American homebuilt aircraft

The American Homebuilts John Doe is an American STOL homebuilt aircraft that was designed by Steve Nusbaum and produced by American Homebuilts of Hebron, Illinois, first flown in 1994. When it was available the aircraft was supplied as a kit for amateur construction.

==Design and development==
The aircraft was given its name because the designer and his wife, Carla Nusbaum, could not decide on an appropriate name for the design.

The John Doe features a strut-braced high-wing, a two-seats-in-tandem enclosed cabin, fixed conventional landing gear and a single engine in tractor configuration.

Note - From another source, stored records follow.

lemma Lp_norm_add_sq_le:
  fixes S D :: "'a \<Rightarrow> real"
  assumes p: "p \<ge> 2" and [measurable]: "S \<in> borel_measurable M" "D \<in> borel_measurable M"
    and Si: "integrable M (\<lambda>x. \<bar>S x\<bar> powr p)" and Di: "integrable M (\<lambda>x. \<bar>D x\<bar> powr p)"
    and orth: "(\<integral>x. (\<bar>S x\<bar> powr (p - 2) * S x) * D x \<partial>M) = 0"
  shows "(Lp_norm M p (\<lambda>x. S x + D x))\<^sup>2 \<le> (Lp_norm M p S)\<^sup>2 + p * (p - 1) * (Lp_norm M p D)\<^sup>2"
proof (cases "p = 2")
  case True
  \<comment> \<open>The Holder exponent \<open>p / (p - 2)\<close> of the Taylor argument degenerates; here expand the square.\<close>
  have "integrable M (\<lambda>x. (\<bar>S x\<bar> powr (p - 2) * S x) * D x)"
    using p Si Di by (intro integrable_signed_powr_mult) auto
  moreover have "(\<lambda>x. (\<bar>S x\<bar> powr (p - 2) * S x) * D x) = (\<lambda>x. S x * D x)"
    using True by (auto simp: fun_eq_iff)
  ultimately have "integrable M (\<lambda>x. S x * D x)" "(\<integral>x. S x * D x \<partial>M) = 0"
    using orth by auto
  moreover have "integrable M (\<lambda>x. (S x)\<^sup>2)" "integrable M (\<lambda>x. (D x)\<^sup>2)"
    using Si Di True abs_powr_eq_sq_powr[of "S _" 2] abs_powr_eq_sq_powr[of "D _" 2]
    by (simp_all add: power2_eq_square)
  ultimately have "(\<integral>x. (S x + D x)\<^sup>2 \<partial>M)
      = (\<integral>x. (S x)\<^sup>2 \<partial>M) + 2 * (\<integral>x. S x * D x \<partial>M) + (\<integral>x. (D x)\<^sup>2 \<partial>M)"
    by (simp add: power2_sum mult.assoc)
  then show ?thesis
    using True \<open>(\<integral>x. S x * D x \<partial>M) = 0\<close> by (simp add: Lp_norm_two_sq)
next
  case False
  with p have "p > 2"
    by simp
  have "(Lp_norm M p (\<lambda>x. S x + D x))\<^sup>2 \<le> (Lp_norm M p S)\<^sup>2 + 2 * (p * (p - 1) / 2) * (Lp_norm M p D)\<^sup>2"
    using \<open>p > 2\<close> Lp_norm_add_powr_le[OF \<open>p > 2\<close> assms(2-6)]
    by (intro sq_le_of_powr_le_self_bound) (auto simp: Lp_norm_nonneg)
  then show ?thesis
    by simp
qed

lemma Lp_norm_sum_sq_le:
  fixes D :: "nat \<Rightarrow> 'a \<Rightarrow> real"
  assumes p: "p \<ge> 2"
    and "\<And>j. j \<in> {1..n} \<Longrightarrow> D j \<in> borel_measurable M"
    and "\<And>j. j \<in> {1..n} \<Longrightarrow> integrable M (\<lambda>x. \<bar>D j x\<bar> powr p)"
    and "\<And>j. j \<in> {1..n} \<Longrightarrow>
      (\<integral>x. (\<bar>\<Sum>i\<in>{1..j-1}. D i x\<bar> powr (p - 2) * (\<Sum>i\<in>{1..j-1}. D i x)) * D j x \<partial>M) = 0"
  shows "(Lp_norm M p (\<lambda>x. \<Sum>j\<in>{1..n}. D j x))\<^sup>2 \<le> p * (p - 1) * (\<Sum>j\<in>{1..n}. (Lp_norm M p (D j))\<^sup>2)"
  using assms(2-4)
proof (induction n)
  case 0
  then show ?case
    using p by (simp add: Lp_norm_def)
next
  case (Suc n)
  have "(\<lambda>x. \<Sum>j\<in>{1..n}. D j x) \<in> borel_measurable M"
    using Suc.prems(1) by (intro borel_measurable_sum) auto
  moreover have "integrable M (\<lambda>x. \<bar>\<Sum>j\<in>{1..n}. D j x\<bar> powr p)"
    using Suc.prems p by (intro integrable_abs_sum_powr) auto
  moreover have "(\<integral>x. (\<bar>\<Sum>j\<in>{1..n}. D j x\<bar> powr (p - 2) * (\<Sum>j\<in>{1..n}. D j x)) * D (Suc n) x \<partial>M) = 0"
    using Suc.prems(3)[of "Suc n"] by simp
  ultimately have "(Lp_norm M p (\<lambda>x. (\<Sum>j\<in>{1..n}. D j x) + D (Suc n) x))\<^sup>2
      \<le> (Lp_norm M p (\<lambda>x. \<Sum>j\<in>{1..n}. D j x))\<^sup>2 + p * (p - 1) * (Lp_norm M p (D (Suc n)))\<^sup>2"
    using Suc.prems by (intro Lp_norm_add_sq_le[OF p]) auto
  then show ?case
    using Suc p by (simp add: algebra_simps)
qed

The aircraft is made from welded steel tubing, with its flying surfaces covered in doped aircraft fabric. Its 30.6 ft span wing mounts flaps, leading edge slats, drooping ailerons, stall fences, winglets and has a wing area of 130.6 sqft. It employs a NACA 4415 airfoil. The acceptable power range is 65 to 125 hp and the standard engines used are the 125 hp Continental IO-240 and 100 hp Continental O-200 powerplants.

The aircraft has a typical empty weight of 878 lb and a gross weight of 1400 lb, giving a useful load of 522 lb. With full fuel of 26 u.s.gal the payload for the pilot, passenger and baggage is 366 lb.

The standard day, sea level, no wind, take off with a 125 hp engine is 150 ft and the landing roll is 250 ft.

The manufacturer estimated the construction time from the supplied kit as 400 hours.

==Operational history==
By 1998 the company reported that one had been completed and was flying.

By December 2007 a total of three had been completed.

In April 2015 one example was registered in the United States with the Federal Aviation Administration, although a total of three had been registered at one time.